-- Provided material --
=-=-=-=-=

definition lam_par :: "nat \<Rightarrow> (nat set \<Rightarrow> 'r::zero) \<Rightarrow> bool" where
  "lam_par p a \<longleftrightarrow> (\<forall>I. a I \<noteq> 0 \<longrightarrow> card I mod 2 = p mod 2)"

text \<open>E_\<infinity> = (E \<otimes> \<lambda>^\<infinity>)_0\<close>
definition sv_even :: "(nat set \<Rightarrow> 'a::zero \<times> 'b::zero) set" where
  "sv_even = {v \<in> sv_space. sv_par 0 v}"

definition body :: "(nat set \<Rightarrow> 'm) \<Rightarrow> 'm" where
  "body v = v {}"

definition emb :: "'m::zero \<Rightarrow> (nat set \<Rightarrow> 'm)" where
  "emb e = (\<lambda>I. if I = {} then e else 0)"

text \<open>Sign of \<theta>_J \<theta>_L = (-1)^(gsgn J L) \<theta>_(J \<union> L) for disjoint J, L.\<close>
definition gsgn :: "nat set \<Rightarrow> nat set \<Rightarrow> nat" where
  "gsgn J L = card {(j, l). j \<in> J \<and> l \<in> L \<and> l < j}"

text \<open>Left action of \<lambda>^\<infinity> on E \<otimes> \<lambda>^\<infinity>:  \<theta>_J (e \<theta>_L) = (-1)^(|J||e|) e \<theta>_J \<theta>_L.\<close>
definition lact :: "('r::comm_ring_1 \<Rightarrow> 'a::ab_group_add \<Rightarrow> 'a) \<Rightarrow> ('r \<Rightarrow> 'b::ab_group_add \<Rightarrow> 'b) \<Rightarrow>
     (nat set \<Rightarrow> 'r) \<Rightarrow> (nat set \<Rightarrow> 'a \<times> 'b) \<Rightarrow> (nat set \<Rightarrow> 'a \<times> 'b)" where
  "lact sa sb a v = (\<lambda>K. \<Sum>J\<in>Pow K.
      (sa ((-1) ^ gsgn J (K - J) * a J) (fst (v (K - J))),
       sb ((-1) ^ gsgn J (K - J) * (-1) ^ card J * a J) (snd (v (K - J)))))"

definition rscale :: "('r \<Rightarrow> 'a \<Rightarrow> 'a) \<Rightarrow> ('r \<Rightarrow> 'b \<Rightarrow> 'b) \<Rightarrow> 'r \<Rightarrow> (nat set \<Rightarrow> 'a \<times> 'b) \<Rightarrow> (nat set \<Rightarrow> 'a \<times> 'b)" where
  "rscale sa sb t v = (\<lambda>I. (sa t (fst (v I)), sb t (snd (v I))))"

text \<open>Even, \<lambda>^\<infinity>-multilinear, supersymmetric k-linear maps
(E \<otimes> \<lambda>^\<infinity>)^k \<rightarrow> F \<otimes> \<lambda>^\<infinity> mapping E^k into F (arguments as lists of length k).\<close>
definition even_ml_susy ::
  "('r::comm_ring_1 \<Rightarrow> 'a::ab_group_add \<Rightarrow> 'a) \<Rightarrow> ('r \<Rightarrow> 'b::ab_group_add \<Rightarrow> 'b) \<Rightarrow>
   ('r \<Rightarrow> 'c::ab_group_add \<Rightarrow> 'c) \<Rightarrow> ('r \<Rightarrow> 'd::ab_group_add \<Rightarrow> 'd) \<Rightarrow> nat \<Rightarrow>
   ((nat set \<Rightarrow> 'a \<times> 'b) list \<Rightarrow> (nat set \<Rightarrow> 'c \<times> 'd)) \<Rightarrow> bool" where
  "even_ml_susy sa sb sc sd k m \<longleftrightarrow>
     (\<forall>vs. length vs = k \<and> set vs \<subseteq> sv_space \<longrightarrow> m vs \<in> sv_space) \<and>
     (\<forall>vs i u w. length vs = k \<and> set vs \<subseteq> sv_space \<and> i < k \<and> u \<in> sv_space \<and> w \<in> sv_space \<longrightarrow>
         m (vs[i := u + w]) = m (vs[i := u]) + m (vs[i := w])) \<and>
     (\<forall>vs ps. length vs = k \<and> length ps = k \<and> (\<forall>i<k. vs ! i \<in> sv_space \<and> sv_par (ps ! i) (vs ! i)) \<longrightarrow>
         sv_par (sum_list ps) (m vs)) \<and>
     (\<forall>vs ps i a q. length vs = k \<and> length ps = k \<and> (\<forall>j<k. vs ! j \<in> sv_space \<and> sv_par (ps ! j) (vs ! j)) \<and>
         i < k \<and> a \<in> sv_space \<and> lam_par q a \<longrightarrow>
         m (vs[i := lact sa sb a (vs ! i)]) =
           lact sc sd (\<lambda>I. (-1) ^ (q * sum_list (take i ps)) * a I) (m vs)) \<and>
     (\<forall>vs ps i. length vs = k \<and> length ps = k \<and> (\<forall>j<k. vs ! j \<in> sv_space \<and> sv_par (ps ! j) (vs ! j)) \<and>
         Suc i < k \<longrightarrow>
         m (vs[i := vs ! Suc i, Suc i := vs ! i]) =
           (if odd (ps ! i) \<and> odd (ps ! Suc i) then - m vs else m vs)) \<and>
     (\<forall>es. length es = k \<longrightarrow> (\<exists>c. m (map emb es) = emb c))"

=-=-=-=-=

-- Task goal --
The answer should consist of every record above, copied exactly.

-- Task solution --
definition lam_par :: "nat \<Rightarrow> (nat set \<Rightarrow> 'r::zero) \<Rightarrow> bool" where
  "lam_par p a \<longleftrightarrow> (\<forall>I. a I \<noteq> 0 \<longrightarrow> card I mod 2 = p mod 2)"

text \<open>E_\<infinity> = (E \<otimes> \<lambda>^\<infinity>)_0\<close>
definition sv_even :: "(nat set \<Rightarrow> 'a::zero \<times> 'b::zero) set" where
  "sv_even = {v \<in> sv_space. sv_par 0 v}"

definition body :: "(nat set \<Rightarrow> 'm) \<Rightarrow> 'm" where
  "body v = v {}"

definition emb :: "'m::zero \<Rightarrow> (nat set \<Rightarrow> 'm)" where
  "emb e = (\<lambda>I. if I = {} then e else 0)"

text \<open>Sign of \<theta>_J \<theta>_L = (-1)^(gsgn J L) \<theta>_(J \<union> L) for disjoint J, L.\<close>
definition gsgn :: "nat set \<Rightarrow> nat set \<Rightarrow> nat" where
  "gsgn J L = card {(j, l). j \<in> J \<and> l \<in> L \<and> l < j}"

text \<open>Left action of \<lambda>^\<infinity> on E \<otimes> \<lambda>^\<infinity>:  \<theta>_J (e \<theta>_L) = (-1)^(|J||e|) e \<theta>_J \<theta>_L.\<close>
definition lact :: "('r::comm_ring_1 \<Rightarrow> 'a::ab_group_add \<Rightarrow> 'a) \<Rightarrow> ('r \<Rightarrow> 'b::ab_group_add \<Rightarrow> 'b) \<Rightarrow>
     (nat set \<Rightarrow> 'r) \<Rightarrow> (nat set \<Rightarrow> 'a \<times> 'b) \<Rightarrow> (nat set \<Rightarrow> 'a \<times> 'b)" where
  "lact sa sb a v = (\<lambda>K. \<Sum>J\<in>Pow K.
      (sa ((-1) ^ gsgn J (K - J) * a J) (fst (v (K - J))),
       sb ((-1) ^ gsgn J (K - J) * (-1) ^ card J * a J) (snd (v (K - J)))))"

definition rscale :: "('r \<Rightarrow> 'a \<Rightarrow> 'a) \<Rightarrow> ('r \<Rightarrow> 'b \<Rightarrow> 'b) \<Rightarrow> 'r \<Rightarrow> (nat set \<Rightarrow> 'a \<times> 'b) \<Rightarrow> (nat set \<Rightarrow> 'a \<times> 'b)" where
  "rscale sa sb t v = (\<lambda>I. (sa t (fst (v I)), sb t (snd (v I))))"

text \<open>Even, \<lambda>^\<infinity>-multilinear, supersymmetric k-linear maps
(E \<otimes> \<lambda>^\<infinity>)^k \<rightarrow> F \<otimes> \<lambda>^\<infinity> mapping E^k into F (arguments as lists of length k).\<close>
definition even_ml_susy ::
  "('r::comm_ring_1 \<Rightarrow> 'a::ab_group_add \<Rightarrow> 'a) \<Rightarrow> ('r \<Rightarrow> 'b::ab_group_add \<Rightarrow> 'b) \<Rightarrow>
   ('r \<Rightarrow> 'c::ab_group_add \<Rightarrow> 'c) \<Rightarrow> ('r \<Rightarrow> 'd::ab_group_add \<Rightarrow> 'd) \<Rightarrow> nat \<Rightarrow>
   ((nat set \<Rightarrow> 'a \<times> 'b) list \<Rightarrow> (nat set \<Rightarrow> 'c \<times> 'd)) \<Rightarrow> bool" where
  "even_ml_susy sa sb sc sd k m \<longleftrightarrow>
     (\<forall>vs. length vs = k \<and> set vs \<subseteq> sv_space \<longrightarrow> m vs \<in> sv_space) \<and>
     (\<forall>vs i u w. length vs = k \<and> set vs \<subseteq> sv_space \<and> i < k \<and> u \<in> sv_space \<and> w \<in> sv_space \<longrightarrow>
         m (vs[i := u + w]) = m (vs[i := u]) + m (vs[i := w])) \<and>
     (\<forall>vs ps. length vs = k \<and> length ps = k \<and> (\<forall>i<k. vs ! i \<in> sv_space \<and> sv_par (ps ! i) (vs ! i)) \<longrightarrow>
         sv_par (sum_list ps) (m vs)) \<and>
     (\<forall>vs ps i a q. length vs = k \<and> length ps = k \<and> (\<forall>j<k. vs ! j \<in> sv_space \<and> sv_par (ps ! j) (vs ! j)) \<and>
         i < k \<and> a \<in> sv_space \<and> lam_par q a \<longrightarrow>
         m (vs[i := lact sa sb a (vs ! i)]) =
           lact sc sd (\<lambda>I. (-1) ^ (q * sum_list (take i ps)) * a I) (m vs)) \<and>
     (\<forall>vs ps i. length vs = k \<and> length ps = k \<and> (\<forall>j<k. vs ! j \<in> sv_space \<and> sv_par (ps ! j) (vs ! j)) \<and>
         Suc i < k \<longrightarrow>
         m (vs[i := vs ! Suc i, Suc i := vs ! i]) =
           (if odd (ps ! i) \<and> odd (ps ! Suc i) then - m vs else m vs)) \<and>
     (\<forall>es. length es = k \<longrightarrow> (\<exists>c. m (map emb es) = emb c))"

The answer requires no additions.